United States of America, Plaintiff-appellee, v. Arnoldo Aispuro-aispuro, Defendant-appellant.united States of America, Plaintiff-appellee, v. Maria Cosme Lopez-angulo, Defendant-appellant, 988 F.2d 122 (9th Cir. 1993)Annotate this Case
Appeal from the United States District Court for the District of Oregon; Nos. CR-91-320-01-JAR CR-91-320-02-JAR James A. Redden, District Judge, Presiding.
Before TANG, POOLE and RYMER, Circuit Judges
Arnoldo Aispuro-Aispuro appeals his sentence following a guilty plea for conspiracy to possess with the intent to distribute cocaine in violation of 21 U.S.C. §§ 841(a) (1) & 846. Maria Cosme Lopez-Angulo appeals her sentence following a guilty plea for knowingly opening and maintaining a place for the purpose of distributing and using cocaine in violation of 21 U.S.C. § 856. Both argue that the district court erred in denying their motions for downward adjustments and departures. We have jurisdiction, 28 U.S.C. § 1291, and we affirm.
* Aispuro-Aispuro and Lopez-Angulo argue that the district court erred in finding that neither of them was a minor or minimal participant in the offense under U.S.S.G. § 3B1.2. A district court's finding that a defendant does not qualify for minor participant status is reviewed for clear error. United States v. Prieto-Villa, 910 F.2d 601, 610 (9th Cir. 1990). The district court found that Aispuro-Aispuro's extensive involvement in narcotics dealing did not justify either a minor or a minimal role adjustment.
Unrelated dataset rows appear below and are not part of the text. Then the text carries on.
(* Let $R$ be a DT ring. Then $6\in J(R)$.
   Context: All rings are associative with identity; $J(R)$ is the Jacobson radical, $U(R)$ the group of units. $\Delta(R)=\{x\in R: x+u\in U(R)\text{ for all }u\in U(R)\}$. $\mathrm{Tr}(R)=\{x\in R: x^3=x\}$. A ring $R$ is a DT ring if every $r\in R$ can be written $r=e+d$ with $e\in\mathrm{Tr}(R)$ and $d\in\Delta(R)$. *)

theory Defs
  imports Main
begin

definition units_of_ring :: "'a::ring_1 set" where
  "units_of_ring = {u. \<exists>v. u * v = 1 \<and> v * u = 1}"

definition left_ideal :: "'a::ring_1 set \<Rightarrow> bool" where
  "left_ideal I \<longleftrightarrow> 0 \<in> I \<and> (\<forall>x\<in>I. \<forall>y\<in>I. x + y \<in> I) \<and> (\<forall>x\<in>I. - x \<in> I)
     \<and> (\<forall>r x. x \<in> I \<longrightarrow> r * x \<in> I)"

definition maximal_left_ideal :: "'a::ring_1 set \<Rightarrow> bool" where
  "maximal_left_ideal M \<longleftrightarrow> left_ideal M \<and> M \<noteq> UNIV \<and>
     (\<forall>I. left_ideal I \<and> M \<subseteq> I \<and> I \<noteq> UNIV \<longrightarrow> I = M)"

definition jacobson :: "'a::ring_1 set" where
  "jacobson = \<Inter> {M. maximal_left_ideal M}"

definition Delta :: "'a::ring_1 set" where
  "Delta = {x. \<forall>u\<in>units_of_ring. x + u \<in> units_of_ring}"

definition tripotents :: "'a::ring_1 set" where
  "tripotents = {x. x ^ 3 = x}"

definition DT_ring :: "'a::ring_1 itself \<Rightarrow> bool" where
  "DT_ring _ \<longleftrightarrow> (\<forall>r::'a. \<exists>e d. r = e + d \<and> e \<in> tripotents \<and> d \<in> Delta)"

end

theory Submission
  imports Defs
begin

text \<open>
  \<open>\<Delta>(R)\<close> is closed under addition and multiplication and under multiplication by units.
  For a tripotent \<open>e\<close>, the elements \<open>1 - e\<^sup>2 \<plusminus> e\<close> are involutions, so \<open>s = 2e\<close> is a
  difference of units and \<open>s\<Delta> \<union> \<Delta>s \<subseteq> \<Delta>\<close>. Writing \<open>s = t + d\<close> with \<open>t\<close> tripotent and
  \<open>d \<in> \<Delta>\<close> and expanding \<open>(s - d)\<^sup>3 = s - d\<close> shows \<open>6e = s\<^sup>3 - s \<in> \<Delta>\<close>. Decomposing an
  arbitrary \<open>r\<close> in the same way gives \<open>6r \<in> \<Delta>\<close>, hence \<open>1 - 6r\<close> is a unit for every \<open>r\<close>,
  and the central element \<open>6\<close> lies in every maximal left ideal.
\<close>

lemma units_of_ring_one: "(1::'a::ring_1) \<in> units_of_ring"
  unfolding units_of_ring_def by auto

lemma units_of_ring_mult:
  assumes "u \<in> units_of_ring" "v \<in> units_of_ring"
  shows "(u * v :: 'a::ring_1) \<in> units_of_ring"
proof -
  obtain u' v' where "u * u' = 1" "u' * u = 1" "v * v' = 1" "v' * v = 1"
    using assms unfolding units_of_ring_def by blast
  then have "(u * v) * (v' * u') = 1" "(v' * u') * (u * v) = 1"
    by (metis mult.assoc mult_1_left)+
  then show ?thesis unfolding units_of_ring_def by blast
qed

lemma units_of_ring_uminus:
  assumes "u \<in> units_of_ring"
  shows "(- u :: 'a::ring_1) \<in> units_of_ring"
proof -
  obtain v where "u * v = 1" "v * u = 1"
    using assms unfolding units_of_ring_def by blast
  then have "(- u) * (- v) = 1" "(- v) * (- u) = 1" by simp_all
  then show ?thesis unfolding units_of_ring_def by blast
qed

lemma involution_in_units_of_ring: "(u::'a::ring_1) * u = 1 \<Longrightarrow> u \<in> units_of_ring"
  unfolding units_of_ring_def by blast

lemma Delta_add_units: "x \<in> Delta \<Longrightarrow> u \<in> units_of_ring \<Longrightarrow> (x + u :: 'a::ring_1) \<in> units_of_ring"
  unfolding Delta_def by blast

lemma Delta_zero: "(0::'a::ring_1) \<in> Delta"
  unfolding Delta_def by simp

lemma Delta_add: "x \<in> Delta \<Longrightarrow> y \<in> Delta \<Longrightarrow> (x + y :: 'a::ring_1) \<in> Delta"
  unfolding Delta_def by (simp add: add.assoc)

lemma Delta_uminus:
  assumes "x \<in> Delta"
  shows "(- x :: 'a::ring_1) \<in> Delta"
  unfolding Delta_def
proof safe
  fix u :: 'a
  assume "u \<in> units_of_ring"
  then have "- (x + - u) \<in> units_of_ring"
    using assms Delta_add_units units_of_ring_uminus by blast
  then show "- x + u \<in> units_of_ring" by simp
qed

lemma Delta_diff: "x \<in> Delta \<Longrightarrow> y \<in> Delta \<Longrightarrow> (x - y :: 'a::ring_1) \<in> Delta"
  using Delta_add Delta_uminus by (metis diff_conv_add_uminus)

lemma Delta_of_nat_mult: "x \<in> Delta \<Longrightarrow> (of_nat n * x :: 'a::ring_1) \<in> Delta"
  by (induction n) (simp_all add: Delta_zero Delta_add distrib_right)

lemma units_mult_Delta:
  assumes "u \<in> units_of_ring" "x \<in> Delta"
  shows "(u * x :: 'a::ring_1) \<in> Delta"
  unfolding Delta_def
proof safe
  obtain u' where "u' \<in> units_of_ring" "u * u' = 1"
    using assms(1) unfolding units_of_ring_def by blast
  fix w :: 'a
  assume "w \<in> units_of_ring"
  then have "u * (x + u' * w) \<in> units_of_ring"
    using assms \<open>u' \<in> units_of_ring\<close> Delta_add_units units_of_ring_mult by blast
  then show "u * x + w \<in> units_of_ring"
    by (simp add: distrib_left \<open>u * u' = 1\<close> mult.assoc[symmetric])
qed

lemma Delta_mult_units:
  assumes "x \<in> Delta" "u \<in> units_of_ring"
  shows "(x * u :: 'a::ring_1) \<in> Delta"
  unfolding Delta_def
proof safe
  obtain u' where "u' \<in> units_of_ring" "u' * u = 1"
    using assms(2) unfolding units_of_ring_def by blast
  fix w :: 'a
  assume "w \<in> units_of_ring"
  then have "(x + w * u') * u \<in> units_of_ring"
    using assms \<open>u' \<in> units_of_ring\<close> Delta_add_units units_of_ring_mult by blast
  then show "x * u + w \<in> units_of_ring"
    by (simp add: distrib_right \<open>u' * u = 1\<close> mult.assoc)
qed

lemma one_plus_Delta_mult_in_units:
  assumes "x \<in> Delta" "y \<in> Delta"
  shows "(1 + x * y :: 'a::ring_1) \<in> units_of_ring"
proof -
  have "(x + 1) * (y + 1) \<in> units_of_ring"
    using assms Delta_add_units units_of_ring_mult units_of_ring_one by blast
  then have "- (x + y) + (x + 1) * (y + 1) \<in> units_of_ring"
    using assms Delta_add Delta_uminus Delta_add_units by blast
  then show ?thesis by (simp add: algebra_simps)
qed

lemma Delta_mult:
  assumes "x \<in> Delta" "y \<in> Delta"
  shows "(x * y :: 'a::ring_1) \<in> Delta"
  unfolding Delta_def
proof safe
  fix u :: 'a
  assume "u \<in> units_of_ring"
  then obtain u' where "u' \<in> units_of_ring" "u' * u = 1"
    unfolding units_of_ring_def by blast
  have "(1 + x * (y * u')) * u \<in> units_of_ring"
    using assms \<open>u \<in> units_of_ring\<close> \<open>u' \<in> units_of_ring\<close>
    by (intro units_of_ring_mult one_plus_Delta_mult_in_units Delta_mult_units)
  then show "x * y + u \<in> units_of_ring"
    by (simp add: algebra_simps \<open>u' * u = 1\<close> mult.assoc)
qed

lemma tripotent_involution:
  assumes "e ^ 3 = e"
  shows "(1 - e\<^sup>2 + e) * (1 - e\<^sup>2 + e) = (1::'a::ring_1)"
proof -
  have "e * (e * e) = e" "e * (e * (e * x)) = e * x" for x
    using assms by (simp_all add: power3_eq_cube mult.assoc[symmetric])
  then show ?thesis by (simp add: power2_eq_square algebra_simps)
qed

lemma units_diff_mult_Delta:
  "u \<in> units_of_ring \<Longrightarrow> v \<in> units_of_ring \<Longrightarrow> x \<in> Delta \<Longrightarrow> ((u - v) * x :: 'a::ring_1) \<in> Delta"
  by (simp add: left_diff_distrib Delta_diff units_mult_Delta)

lemma Delta_mult_units_diff:
  "x \<in> Delta \<Longrightarrow> u \<in> units_of_ring \<Longrightarrow> v \<in> units_of_ring \<Longrightarrow> (x * (u - v) :: 'a::ring_1) \<in> Delta"
  by (simp add: right_diff_distrib Delta_diff Delta_mult_units)

lemma cube_minus_in_Delta:
  fixes s d :: "'a::ring_1"
  assumes tripotent: "(s - d) ^ 3 = s - d" and "d \<in> Delta"
    and left: "\<And>x. x \<in> Delta \<Longrightarrow> s * x \<in> Delta"
    and right: "\<And>x. x \<in> Delta \<Longrightarrow> x * s \<in> Delta"
  shows "s ^ 3 - s \<in> Delta"
proof -
  from tripotent have "s ^ 3 - s =
      s * (s * d) + (s * d) * s + (d * s) * s
      - s * (d * d) - (d * s) * d - (d * d) * s + (d * d) * d - d"
    by (simp add: power3_eq_cube algebra_simps)
  also have "\<dots> \<in> Delta"
    using \<open>d \<in> Delta\<close> by (intro Delta_add Delta_diff left right Delta_mult)
  finally show ?thesis .
qed

lemma left_ideal_unit_eq_UNIV:
  assumes "left_ideal I" "u \<in> I" "u \<in> units_of_ring"
  shows "I = (UNIV :: 'a::ring_1 set)"
proof -
  obtain v where "v * u = 1"
    using assms(3) unfolding units_of_ring_def by blast
  have "y \<in> I" for y
  proof -
    have "(y * v) * u \<in> I" using assms(1,2) unfolding left_ideal_def by blast
    then show ?thesis using \<open>v * u = 1\<close> by (simp add: mult.assoc)
  qed
  then show ?thesis by blast
qed

lemma left_ideal_add_principal:
  fixes c :: "'a::ring_1"
  assumes "left_ideal M"
  shows "left_ideal {m + a * c | m a. m \<in> M}" (is "left_ideal ?I")
proof -
  have M: "0 \<in> M" "\<And>x y. x \<in> M \<Longrightarrow> y \<in> M \<Longrightarrow> x + y \<in> M"
    "\<And>x. x \<in> M \<Longrightarrow> - x \<in> M" "\<And>r x. x \<in> M \<Longrightarrow> r * x \<in> M"
    using assms unfolding left_ideal_def by blast+
  show ?thesis
    unfolding left_ideal_def
  proof (intro conjI ballI allI impI)
    have "0 = 0 + 0 * c" by simp
    then show "0 \<in> ?I" using M(1) by blast
  next
    fix x y assume "x \<in> ?I" "y \<in> ?I"
    then obtain m a m' a' where "x = m + a * c" "y = m' + a' * c" "m \<in> M" "m' \<in> M" by blast
    then have "x + y = (m + m') + (a + a') * c" "m + m' \<in> M" by (simp_all add: algebra_simps M(2))
    then show "x + y \<in> ?I" by blast
  next
    fix x assume "x \<in> ?I"
    then obtain m a where "x = m + a * c" "m \<in> M" by blast
    then have "- x = - m + (- a) * c" "- m \<in> M" by (simp_all add: M(3))
    then show "- x \<in> ?I" by blast
  next
    fix r x assume "x \<in> ?I"
    then obtain m a where "x = m + a * c" "m \<in> M" by blast
    then have "r * x = r * m + (r * a) * c" "r * m \<in> M" by (simp_all add: algebra_simps M(4))
    then show "r * x \<in> ?I" by blast
  qed
qed

lemma in_jacobsonI:
  assumes "\<And>r. 1 - r * c \<in> units_of_ring"
  shows "(c::'a::ring_1) \<in> jacobson"
  unfolding jacobson_def
proof (rule InterI, clarify)
  fix M :: "'a set"
  assume M: "maximal_left_ideal M"
  show "c \<in> M"
  proof (rule ccontr)
    assume "c \<notin> M"
    define I where "I = {m + a * c | m a. m \<in> M}"
    have "left_ideal M" using M unfolding maximal_left_ideal_def by blast
    then have "left_ideal I" unfolding I_def by (rule left_ideal_add_principal)
    moreover have "M \<subseteq> I"
      unfolding I_def by (force intro: exI[of _ 0])
    moreover have "c \<in> I"
      using \<open>left_ideal M\<close> unfolding I_def left_ideal_def by (force intro: exI[of _ 1])
    ultimately have "I = UNIV" using M \<open>c \<notin> M\<close> unfolding maximal_left_ideal_def by blast
    then obtain m a where "1 = m + a * c" "m \<in> M" unfolding I_def by blast
    then have "1 - a * c \<in> M" by (metis add_diff_cancel_right')
    then have "M = UNIV" using left_ideal_unit_eq_UNIV \<open>left_ideal M\<close> assms by blast
    then show False using M unfolding maximal_left_ideal_def by blast
  qed
qed

lemma six_mult_tripotent_in_Delta:
  assumes DT: "DT_ring TYPE('a::ring_1)" and "(e::'a) ^ 3 = e"
  shows "6 * e \<in> Delta"
proof -
  define u v :: 'a where "u = 1 - e\<^sup>2 + e" and "v = 1 - (- e)\<^sup>2 + - e"
  have "(- e) ^ 3 = - e" using \<open>e ^ 3 = e\<close> by simp
  then have units: "u \<in> units_of_ring" "v \<in> units_of_ring"
    unfolding u_def v_def using \<open>e ^ 3 = e\<close>
    by (blast intro: involution_in_units_of_ring tripotent_involution)+
  have "e + e = u - v" unfolding u_def v_def by simp
  then have "(e + e) * x \<in> Delta" "x * (e + e) \<in> Delta" if "x \<in> Delta" for x
    using units that by (simp_all add: units_diff_mult_Delta Delta_mult_units_diff)
  moreover obtain t d where "e + e = t + d" "t ^ 3 = t" "d \<in> Delta"
    using DT unfolding DT_ring_def tripotents_def by blast
  ultimately have "(e + e) ^ 3 - (e + e) \<in> Delta"
    by (intro cube_minus_in_Delta[of _ d]) simp_all
  moreover have "(e + e) ^ 3 = 6 * e + (e + e)"
    using \<open>e ^ 3 = e\<close> unfolding power3_eq_cube
    by (simp only: distrib_left distrib_right numeral_Bit0 numeral_Bit1 numeral_One mult_1_left add.assoc)
  ultimately show ?thesis by simp
qed

lemma six_mult_in_Delta:
  assumes DT: "DT_ring TYPE('a::ring_1)"
  shows "6 * (r::'a) \<in> Delta"
proof -
  obtain e d where "r = e + d" "e ^ 3 = e" "d \<in> Delta"
    using DT unfolding DT_ring_def tripotents_def by blast
  then have "6 * e + of_nat 6 * d \<in> Delta"
    using DT by (intro Delta_add six_mult_tripotent_in_Delta Delta_of_nat_mult)
  then show ?thesis using \<open>r = e + d\<close> by (simp add: distrib_left)
qed

theorem corollary2p8:
  assumes "DT_ring TYPE('a::ring_1)"
  shows "(6::'a) \<in> jacobson"
proof (rule in_jacobsonI)
  fix r :: 'a
  have "6 * - r + 1 \<in> units_of_ring"
    using six_mult_in_Delta[OF assms] by (intro Delta_add_units units_of_ring_one)
  moreover have "r * 6 = 6 * r"
    by (metis mult_of_nat_commute of_nat_numeral)
  ultimately show "1 - r * 6 \<in> units_of_ring" by simp
qed

end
This finding is supported in the record, and Aispuro-Aispuro points to no contrary evidence. Therefore, we find no error.
The district court found that Lopez-Angulo could not have played a minor or minimal role since she rented a house to be used in the drug transaction. This finding was not clearly erroneous.
Aispuro-Aispuro and Lopez-Angulo argue that the district court erred in failing to depart downward for extraordinary family responsibilities, citing United States v. Johnson, 964 F.2d 124 (2d Cir. 1992). The district court held that for Aispuro-Aispuro there was "no basis for a downward departure ... because of family responsibilities. Although I am sympathetic to that, a downward departure is not warranted." The district court also refused to depart downward based on Lopez-Angulo's family responsibilities. It found that her case, though unfortunate, "is not atypical of many of the cases that have come before" the court. The district court's refusal to depart downward for Aispuro-Aispuro and Lopez-Angulo was discretionary, and we have held that there is no appellate review of a district court's discretionary refusal to depart downward. United States v. Morales, 898 F.2d 99 (9th Cir. 1990).